Collected data entries
(* Consider the time-invariant noiseless affine system $x(t+1)=Ax(t)+Bu(t)+s$ with $(A,B)$ controllable, and a collected trajectory $\tilde x(0:L-1)$, $\tilde u(0:L-1)$ of this system with $\tilde u$ persistently exciting of order $n+(T+1)+1$. Consider the problem $$\min_{\mathbf{x},\mathbf{u},G,\hat g} J(\mathbf{x},\mathbf{u})\quad\text{s.t.}\quad \begin{bmatrix}\mathbf{x}\\ \mathbf{u}\end{bmatrix}=\begin{bmatrix} H_{T+1}(\tilde x)\\ H_{T+1}(\tilde u)\end{bmatrix}\begin{bmatrix} G-\hat g\mathbf{1}_n^\top & \hat g\end{bmatrix}\begin{bmatrix} x_0\\ 1\end{bmatrix},\ \ G\in\Gamma(\tilde x),\ \hat g\in\Lambda(\tilde x),$$ $$\mathcal{H}_x\mathbf{x}+\mathcal{H}_u\mathbf{u}\le\mathbf{h},\quad x_0=x(0),\quad x_T\in\mathcal{X}_T.\qquad (\mathrm{P}_3)$$ Then a sequence $(x^*_{0:T},u^*_{0:T})$ is an optimal solution (in its $(\mathbf{x},\mathbf{u})$ components) of $(\mathrm{P}_3)$ if and only if it is an optimal solution of the MPC problem $$\min_{u_{0:T},x_{0:T}} J(u_{0:T},x_{0:T})\ \text{s.t.}\ x_{t+1}=Ax_t+Bu_t+s,\ H_xx_t+H_uu_t\le h\ (t\in[0,T]),\ x_0=x(0),\ x_T\in\mathcal{X}_T.$$
   Context: Cost $J(u_{0:T},x_{0:T})=\|Px_T\|_p+\sum_{t=0}^{T-1}(\|Qx_t\|_p+\|Ru_t\|_p)$, $p\in\{1,2,\infty\}$; for $p=2$, $Q=Q^\top\succeq0$, $R=R^\top\succ0$, $P=P^\top\succeq0$; for $p\in\{1,\infty\}$, $Q,P,R$ full rank. $H_x\in\mathbb{R}^{d\times n}$, $H_u\in\mathbb{R}^{d\times m}$, $h\in\mathbb{R}^d$; $\mathcal{X}_T$ polyhedral; $\mathcal{H}_x=\mathrm{diag}(H_x,\dots,H_x)$, $\mathcal{H}_u=\mathrm{diag}(H_u,\dots,H_u)$ ($T+1$ copies), $\mathbf{h}=[h^\top,\dots,h^\top]^\top$; $\mathbf{x}=[x_0^\top,\dots,x_T^\top]^\top$, $\mathbf{u}=[u_0^\top,\dots,u_T^\top]^\top$. For a signal $\sigma(0:N-1)$ with values in $\mathbb{R}^p$, the Hankel matrix of depth $k$ is the $pk\times(N-k+1)$ matrix whose $(i,j)$ block is $\sigma(i+j)$; $\sigma$ is persistently exciting of order $k$ if $H_k(\sigma)$ has full (row) rank. $H_1(\tilde x)$ is the first $n$ rows of $H_{T+1}(\tilde x)$. $\Gamma(\tilde x)=\{G\in\mathbb{R}^{(L-T)\times n}: H_1(\tilde x)G=I_n,\ \mathbf{1}_{L-T}^\top G=\mathbf{1}_n^\top\}$, $\Lambda(\tilde x)=\{\hat g\in\mathbb{R}^{L-T}: H_1(\tilde x)\hat g=\mathbf{0}_n,\ \mathbf{1}_{L-T}^\top\hat g=1\}$. *)

theory Defs
  imports Complex_Main "Jordan_Normal_Form.DL_Rank"
begin

definition ones_vec :: "nat \<Rightarrow> real vec" where
  "ones_vec k = vec k (\<lambda>_. 1)"
(* Null vectors are h-orthogonal to every vector, so h descends to the cosets of U0, and once A
  maps U0 into itself the induced operator satisfies <A1 [u], [v]> = <A u, v>; the quotient
  conditions are then literally the original ones. Selfadjoint and metric operators do map U0
  into itself, and in finite dimension this invariance is equivalent to boundedness: the
  seminorm is a norm on the Euclidean orthogonal complement of U0, hence bounded below there by
  a multiple of the Euclidean norm (compactness of the unit sphere), while the U0-component of
  a vector changes neither its seminorm nor, by invariance, the seminorm of its image. *)

lemma homogeneous_le_norm:
  fixes f :: "'a::euclidean_space \<Rightarrow> real"
  assumes cont: "continuous_on UNIV f" and hom: "\<And>r x. f (r *\<^sub>R x) = \<bar>r\<bar> * f x"
  shows "\<exists>M>0. \<forall>x. f x \<le> M * norm x"
proof -
  have "bounded (f ` sphere 0 1)"
    by (intro compact_imp_bounded compact_continuous_image continuous_on_subset[OF cont]) auto
  then obtain M where M: "M > 0" "\<And>y. y \<in> sphere 0 1 \<Longrightarrow> norm (f y) \<le> M"
    by (auto simp: bounded_pos)
  have "f x \<le> M * norm x" for x
  proof (cases "x = 0")
    case True
    then show ?thesis using hom[of 0 x] by simp
  next
    case False
    then have "f x = norm x * f (x /\<^sub>R norm x)"
      using hom[of "norm x" "x /\<^sub>R norm x"] by simp
    also have "\<dots> \<le> norm x * M"
      using M(2)[of "x /\<^sub>R norm x"] False by (intro mult_left_mono) auto
    finally show ?thesis by (simp add: mult.commute)
  qed
  with M(1) show ?thesis by blast
qed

## Assignment
The lines to write out run from the one with "by (auto simp: bounded_pos)" through the end of the records. Give them exactly, and only them.

## Task solution
    by (auto simp: bounded_pos)
  have "f x \<le> M * norm x" for x
  proof (cases "x = 0")
    case True
    then show ?thesis using hom[of 0 x] by simp
  next
    case False
    then have "f x = norm x * f (x /\<^sub>R norm x)"
      using hom[of "norm x" "x /\<^sub>R norm x"] by simp
    also have "\<dots> \<le> norm x * M"
      using M(2)[of "x /\<^sub>R norm x"] False by (intro mult_left_mono) auto
    finally show ?thesis by (simp add: mult.commute)
  qed
  with M(1) show ?thesis by blast
qed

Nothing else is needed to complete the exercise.